I was diagnosed in Sept, had lumpectomy surgery 2 weeks ago, and am now exploring my options for radiation treatment.
I also feel that with anything that goes on for any length of time, your support system wears out and some drift away. I have had so much love and support in my life this year, but know we are now in the holiday zone and people are into holiday events, shopping, xmas tree trimming, etc. I don't begrudge them this, but I am not into any of it and won't be. So I am withdrawing a bit more from a few people as a result. Any of you feeling this now in this time of year?
And as I read this post, I can relate to comments having to educate others on my process, people making comments on how good I look, people wondering when I will be done with treatment, etc. I am spending too much time trying to make other people understand my process, so I can get their support. But am learning to just tell people where I am in the process now, and what I need. Your real support system shows up, calls, cares and they want to help.
I welcome the collective wisdom of this group of women! Peace sisters!0 -
Hi, Jazzygirl -
Welcome! I am so sorry to hear of your recent diagnosis. This is a great place to laugh, cry and just commiserate.
I too made the decision to only tell friends and family - leaving work colleagues completely out of it. Though, I felt I had to tell my boss - which, in retrospect is a double edged sword. I didn't have to tell him (certainly not right away)...so now that I have, I feel that I am fighting his pre-conceived notions of what a cancer patient is/is not. He expected me to go out on FMLA immediately! I was like, wait - uh, no...I can work just fine right now, thanks. On the other hand, on the pro side - now that I've told him, I feel that I have some job protection. Imagine the lawsuit if they fired me when I do happen to be his top performer (not patting my own back- but it is true) just after a cancer dx.
I have not told any of my other co-workers, because as you said, I don't want this "out there" so that if/when I decide to get another job, that this will be used against me in the hiring decision.

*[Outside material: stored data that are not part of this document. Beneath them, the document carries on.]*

definition book_size :: "'a set \<Rightarrow> 'a set set \<Rightarrow> 'a set \<Rightarrow> nat" where
  "book_size V E e = card {T \<in> triangles V E. e \<subseteq> T}"

definition max_book :: "'a set \<Rightarrow> 'a set set \<Rightarrow> nat" where
  "max_book V E = (if E = {} then 0 else Max (book_size V E ` E))"

end

theory Submission
  imports Defs
begin

text \<open>If \<open>t(G)\<close> were small, some vertex \<open>w\<close> would span few edges inside its
  neighbourhood, so by the minimum degree the cut \<open>(N(w), V - N(w))\<close>, and hence a maximum
  cut \<open>(S, V - S)\<close>, has almost \<open>n\<^sup>2/4\<close> edges: the maximum cut is nearly balanced and
  nearly complete bipartite. As \<open>e(G) > n\<^sup>2/4\<close>, some side, say \<open>S\<close>, contains an edge
  \<open>xy\<close>, where \<open>y\<close> misses at least as many vertices across as \<open>x\<close>; the small book on
  \<open>xy\<close> bounds the number \<open>q\<close> of neighbours of \<open>y\<close> across, and maximality of the cut
  gives \<open>y\<close> at most \<open>q\<close> neighbours in \<open>S\<close>. If \<open>q \<le> (\<alpha>' + \<epsilon>') n / 2\<close>, the
  edges from the neighbours of \<open>y\<close> in \<open>S\<close> to those across close too many triangles
  through \<open>y\<close>. Otherwise the small books on the edges \<open>zy\<close>, \<open>z \<in> S\<close>, force each such
  \<open>z\<close> to miss about \<open>\<epsilon>' n / 2\<close> vertices across, contradicting near-completeness.\<close>

section \<open>Neighbourhoods and cuts\<close>

definition neighbours :: "'a set set \<Rightarrow> 'a \<Rightarrow> 'a set" where
  "neighbours E u = {v. {u, v} \<in> E}"

lemma neighbours_subset: "simple_graph V E \<Longrightarrow> neighbours E u \<subseteq> V"
  unfolding simple_graph_def neighbours_def by blast

lemma finite_neighbours: "simple_graph V E \<Longrightarrow> finite (neighbours E u)"
  using neighbours_subset simple_graph_def finite_subset by metis

lemma not_in_neighbours: "simple_graph V E \<Longrightarrow> u \<notin> neighbours E u"
  unfolding simple_graph_def neighbours_def by fastforce

lemma in_neighbours_commute: "v \<in> neighbours E u \<longleftrightarrow> u \<in> neighbours E v"
  unfolding neighbours_def by (simp add: insert_commute)

lemma simple_graph_finite: "simple_graph V E \<Longrightarrow> finite V"
  unfolding simple_graph_def by simp

lemma finite_edges: "simple_graph V E \<Longrightarrow> finite E"
  unfolding simple_graph_def by (meson Pow_iff finite_Pow_iff finite_subset subsetI)

lemma degree_eq_card_neighbours: "degree E u = card (neighbours E u)"
  unfolding degree_def neighbours_def by (simp add: insert_commute)

lemma card_Int_eq_sum_of_bool: "finite Y \<Longrightarrow> card (A \<inter> Y) = (\<Sum>v\<in>Y. of_bool (v \<in> A))"
  by (simp add: Int_commute)

lemma sum_card_neighbours_Int_swap:
  assumes "finite X" "finite Y"
  shows "(\<Sum>u\<in>X. card (neighbours E u \<inter> Y)) = (\<Sum>v\<in>Y. card (neighbours E v \<inter> X))"
proof -
  have "(\<Sum>u\<in>X. card (neighbours E u \<inter> Y)) = (\<Sum>u\<in>X. \<Sum>v\<in>Y. of_bool (v \<in> neighbours E u))"
    using assms by (simp only: card_Int_eq_sum_of_bool)
  also have "\<dots> = (\<Sum>v\<in>Y. \<Sum>u\<in>X. of_bool (u \<in> neighbours E v))"
    by (subst sum.swap) (simp only: in_neighbours_commute)
  also have "\<dots> = (\<Sum>v\<in>Y. card (neighbours E v \<inter> X))"
    using assms by (simp only: card_Int_eq_sum_of_bool)
  finally show ?thesis .
qed

definition cut_size :: "'a set set \<Rightarrow> 'a set \<Rightarrow> nat" where
  "cut_size E X = (\<Sum>u\<in>X. card (neighbours E u - X))"

lemma cut_size_eq:
  "simple_graph V E \<Longrightarrow> cut_size E X = (\<Sum>u\<in>X. card (neighbours E u \<inter> (V - X)))"
  unfolding cut_size_def
  by (intro sum.cong refl arg_cong[where f = card]) (use neighbours_subset[of V E] in blast)

lemma cut_size_complement:
  assumes G: "simple_graph V E" and X: "X \<subseteq> V"
  shows "cut_size E (V - X) = cut_size E X"
proof -
  have "finite V" using simple_graph_finite[OF G] .
  moreover have "V - (V - X) = X" using X by auto
  ultimately show ?thesis
    using sum_card_neighbours_Int_swap[of "V - X" X E] X
    by (simp add: cut_size_eq[OF G] finite_subset)
qed

lemma cut_size_Diff_singleton:
  assumes G: "simple_graph V E" and "finite X" "y \<in> X"
  shows "cut_size E (X - {y}) + card (neighbours E y - X)
       = cut_size E X + card (neighbours E y \<inter> X)"
proof -
  have step: "card (neighbours E u - (X - {y}))
      = card (neighbours E u - X) + of_bool (y \<in> neighbours E u)" for u
  proof (cases "y \<in> neighbours E u")
    case True
    then have "neighbours E u - (X - {y}) = insert y (neighbours E u - X)" using \<open>y \<in> X\<close> by auto
    then show ?thesis using True \<open>y \<in> X\<close> finite_neighbours[OF G, of u] by simp
  next
    case False
    then have "neighbours E u - (X - {y}) = neighbours E u - X" by auto
    then show ?thesis using False by simp
  qed
  have "cut_size E (X - {y})
      = (\<Sum>u\<in>X - {y}. card (neighbours E u - X)) + (\<Sum>u\<in>X - {y}. of_bool (y \<in> neighbours E u))"
    unfolding cut_size_def by (simp add: step sum.distrib)
  also have "(\<Sum>u\<in>X - {y}. of_bool (y \<in> neighbours E u)) = card (neighbours E y \<inter> (X - {y}))"
    using \<open>finite X\<close> by (simp add: card_Int_eq_sum_of_bool in_neighbours_commute[of y])
  also have "neighbours E y \<inter> (X - {y}) = neighbours E y \<inter> X"
    using not_in_neighbours[OF G] by auto
  finally show ?thesis
    unfolding cut_size_def using assms(2,3) by (simp add: sum.remove)
qed

lemma max_cut_exists:
  assumes "simple_graph V E"
  obtains S where "S \<subseteq> V" "\<And>X. X \<subseteq> V \<Longrightarrow> cut_size E X \<le> cut_size E S"
proof -
  have fin: "finite (cut_size E ` Pow V)" using assms simple_graph_def by auto
  then have "Max (cut_size E ` Pow V) \<in> cut_size E ` Pow V" by (rule Max_in) auto
  then obtain S where S: "S \<in> Pow V" "cut_size E S = Max (cut_size E ` Pow V)" by auto
  show thesis
  proof (rule that)
    show "S \<subseteq> V" using S by simp
    show "cut_size E X \<le> cut_size E S" if "X \<subseteq> V" for X using S fin that by simp
  qed
qed

lemma max_cut_locally_optimal:
  assumes G: "simple_graph V E" and S: "S \<subseteq> V"
    and max: "\<And>X. X \<subseteq> V \<Longrightarrow> cut_size E X \<le> cut_size E S" and "u \<in> S"
  shows "card (neighbours E u \<inter> S) \<le> card (neighbours E u \<inter> (V - S))"
proof -
  have "finite S" using finite_subset[OF S simple_graph_finite[OF G]] .
  have "neighbours E u - S = neighbours E u \<inter> (V - S)"
    using neighbours_subset[OF G] by blast
  then have "cut_size E (S - {u}) + card (neighbours E u \<inter> (V - S))
      = cut_size E S + card (neighbours E u \<inter> S)"
    using cut_size_Diff_singleton[OF G \<open>finite S\<close> \<open>u \<in> S\<close>] by (simp only:)
  moreover have "cut_size E (S - {u}) \<le> cut_size E S" using S by (intro max) blast
  ultimately show ?thesis by linarith
qed

lemma sum_card_non_neighbours_add_cut_size:
  assumes G: "simple_graph V E"
  shows "(\<Sum>u\<in>S. card ((V - S) - neighbours E u)) + cut_size E S = card S * card (V - S)"
proof -
  have "finite (V - S)" using simple_graph_finite[OF G] by simp
  then have split: "card ((V - S) - neighbours E u) + card (neighbours E u \<inter> (V - S)) = card (V - S)"
    for u using card_Int_Diff[of "V - S" "neighbours E u"] by (simp add: Int_commute)
  have "(\<Sum>u\<in>S. card ((V - S) - neighbours E u)) + cut_size E S
      = (\<Sum>u\<in>S. card ((V - S) - neighbours E u) + card (neighbours E u \<inter> (V - S)))"
    by (simp only: cut_size_eq[OF G] sum.distrib)
  also have "\<dots> = card S * card (V - S)" by (simp only: split sum_constant of_nat_id)
  finally show ?thesis .
qed

lemma exists_edge_inside_side:
  assumes G: "simple_graph V E" and S: "S \<subseteq> V" and "cut_size E S < card E"
  obtains x y where "{x, y} \<in> E" "x \<in> S \<and> y \<in> S \<or> x \<in> V - S \<and> y \<in> V - S"
proof (rule ccontr)
  assume no_inner_edge: "\<not> thesis"
  let ?Q = "SIGMA u:S. neighbours E u - S"
  have "finite V" using simple_graph_finite[OF G] .
  then have "finite S" using S finite_subset by blast
  then have finQ: "finite ?Q" and cardQ: "card ?Q = cut_size E S"
    unfolding cut_size_def using finite_neighbours[OF G] by (auto intro: card_SigmaI)
  have "E \<subseteq> (\<lambda>(u, v). {u, v}) ` ?Q"
  proof
    fix e assume "e \<in> E"
    then obtain u v where e: "e = {u, v}" "u \<in> V" "v \<in> V"
      using G unfolding simple_graph_def by (metis card_2_iff subset_iff insertI1 insertI2)
    then have "{u, v} \<in> E" "{v, u} \<in> E" using \<open>e \<in> E\<close> by (auto simp: insert_commute)
    then have "(u, v) \<in> ?Q \<or> (v, u) \<in> ?Q"
      using no_inner_edge that e unfolding neighbours_def by blast
    then show "e \<in> (\<lambda>(u, v). {u, v}) ` ?Q" using e by (force simp: insert_commute)
  qed
  then have "card E \<le> card ?Q" using finQ by (meson card_image_le card_mono finite_imageI le_trans)
  then show False using cardQ \<open>cut_size E S < card E\<close> by simp
qed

I have only been living with my current dx for a month - but already, I have found I have much less patience for people and situations that sap my energy. Before, I would slog through, feeling I had some obligation to. Now? Not so much. I've been giving myself permission to politely ask for what I need, or politely decline being a part of events and people that make me crazy. And people seem to understand - or maybe they're just too 'scared' of me right now to rock the boat! Either way, I'll take it.
The women here are absolutely lovely, and I'm so glad you've joined us!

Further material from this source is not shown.